Aw, sweet little Bella!!


----------



## fizzy n kirbys mum (Jan 17, 2005)

so very precious , just a perfect angel


----------



## xx-nathalie-xx (Jan 10, 2005)

Bella ....so precious :shock: i love her 

kisses nat


----------



## Tinker (Jan 3, 2005)

Naked or not she is just darling. Love her bling bling collar too.


----------



## luvmydogs (May 13, 2005)

What a sweetie. She looks so cozy and content.

Leslie


----------



## CooperChi (Dec 16, 2004)

:lol: Great photo.

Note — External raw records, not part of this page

theorem theorem4:
  fixes \<beta> \<beta>\<^sub>a \<alpha> :: real
    and sa sr ia ir r :: "real \<Rightarrow> real"
    and sa0 sr0 ia0 ir0 :: real
  assumes pos: "\<beta> > 0" "\<beta>\<^sub>a > 0" "\<alpha> > 0"
    and d_sa: "\<And>t. t \<ge> 0 \<Longrightarrow>
      (sa has_real_derivative (- \<beta> * sa t * (ia t + ir t))) (at t within {0..})"
    and d_sr: "\<And>t. t \<ge> 0 \<Longrightarrow>
      (sr has_real_derivative (- \<beta> * sr t * (ia t + ir t))) (at t within {0..})"
    and d_ia: "\<And>t. t \<ge> 0 \<Longrightarrow>
      (ia has_real_derivative (\<beta> * sa t * (ia t + ir t) - \<beta>\<^sub>a * sa t * ia t - \<alpha> * ia t))
        (at t within {0..})"
    and d_ir: "\<And>t. t \<ge> 0 \<Longrightarrow>
      (ir has_real_derivative (\<beta> * sr t * (ia t + ir t) - \<beta>\<^sub>a * sa t * ir t - \<alpha> * ir t))
        (at t within {0..})"
    and d_r: "\<And>t. t \<ge> 0 \<Longrightarrow>
      (r has_real_derivative (\<beta>\<^sub>a * sa t * (ia t + ir t) + \<alpha> * (ia t + ir t)))
        (at t within {0..})"
    and init: "sa 0 = sa0" "sr 0 = sr0" "ia 0 = ia0" "ir 0 = ir0" "r 0 = 0"
    and range: "sa0 \<in> {0..1}" "sr0 \<in> {0..1}" "ia0 \<in> {0..1}" "ir0 \<in> {0..1}"
    and total: "sa0 + sr0 + ia0 + ir0 = 1"
    and nontriv: "ia0 + ir0 > 0"
  shows "let i0 = ia0 + ir0; s0 = sa0 + sr0;
             ipk = (if sa0 < (\<beta> * s0 - \<alpha>) / \<beta>\<^sub>a
                    then 1 - \<alpha> / \<beta> - (\<beta>\<^sub>a / \<beta>) * sa0
                         + (\<alpha> / \<beta>) * ln (\<alpha> / (\<beta> * s0 - \<beta>\<^sub>a * sa0))
                    else i0)
         in (\<exists>t\<ge>0. ia t + ir t = ipk) \<and> (\<forall>t\<ge>0. ia t + ir t \<le> ipk)"
proof -
  define K where "K = \<beta> * (sa0 + sr0) - \<beta>\<^sub>a * sa0"
  interpret infection_escape_system \<beta> \<alpha> K "\<lambda>t. ia t + ir t"
    "\<lambda>t. exp (integral {0..t} (\<lambda>u. - \<beta> * (ia u + ir u)))"
    using asir_reduces_to_infection_escape_system[OF pos(1,3) _ d_sa d_sr d_ia d_ir] nontriv init
    unfolding K_def by simp
  have "sa0 < (\<beta> * (sa0 + sr0) - \<alpha>) / \<beta>\<^sub>a \<longleftrightarrow> \<alpha> < K"
    using pos by (simp add: K_def pos_less_divide_eq algebra_simps)
  moreover have "ia0 + ir0 = ia 0 + ir 0"
    using init by simp
  moreover have "ia 0 + ir 0 + (K - \<alpha> + \<alpha> * ln (\<alpha> / K)) / \<beta>
      = 1 - \<alpha> / \<beta> - (\<beta>\<^sub>a / \<beta>) * sa0 + (\<alpha> / \<beta>) * ln (\<alpha> / (\<beta> * (sa0 + sr0) - \<beta>\<^sub>a * sa0))"
    unfolding K_def by (rule asir_peak_level_eq[OF pos(1)]) (use total init in simp)
  ultimately show ?thesis
    unfolding Let_def
    using i_le_peak peak_attained i_le_i_0_if_K_le_\<alpha> \<alpha>_pos by (cases "\<alpha> < K") auto
qed

end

She looks like an angel!


----------



## KB (Apr 13, 2004)

OH MY :shock: It must be hot!


----------



## sjc (Jan 14, 2005)

Sweet Bella!!


----------



## Sachem (Jul 1, 2005)

LOL too funny, cute picture


----------



## ilovesadie (Jun 1, 2004)

She is one HOT mamma!


----------



## carachi (Mar 20, 2005)

Sweet


----------



## KJsChihuahuas (Jan 6, 2005)

AHHH She looks good naked  :lol:


----------



## Vanessa (May 16, 2005)

SCORCHIN!!! :wink:


----------



## Auggies Mom (Jun 9, 2004)

She looks beautiful


----------



## SC (Oct 15, 2004)

Awww, she is such a little princess.


----------



## Gadget's Mom (Jan 14, 2005)

bella is beautiful sleeping outside


----------



## mychisangel (May 6, 2005)

Lovely pic, she's a little cutie.


----------



## Rachael Polachek (Feb 19, 2005)

<gasp> Bella is naked! :lol: How adorable, as always. Every now and then, when it's really hot and humid, I send Lily to daycare naked and everybody always comments on it. :lol:


----------



## chimom (Apr 1, 2005)

As my youngest grand-daughter would say - "oh, I see her nekkie butt". LOL 

She really looks relaxed though. Love the collar. That is the one drawback to having a long hair chi. I keep buying all these really cute collars for Jasmine, but with her long hair you can't even see them. :lol:


----------



## luv4mygirls (Feb 20, 2005)

well i head it through the grape vine that fizzy dave likes to see his women wearing nothing but diamonds  but you didn't hear that from me and chiwi!


----------



## nabi (Nov 25, 2004)

luv4mygirls said:


> well i head it through the grape vine that fizzy dave likes to see his women wearing nothing but diamonds  but you didn't hear that from me and chiwi!


Shocking !


----------



## purpleboy2 (Apr 2, 2005)

great picture


----------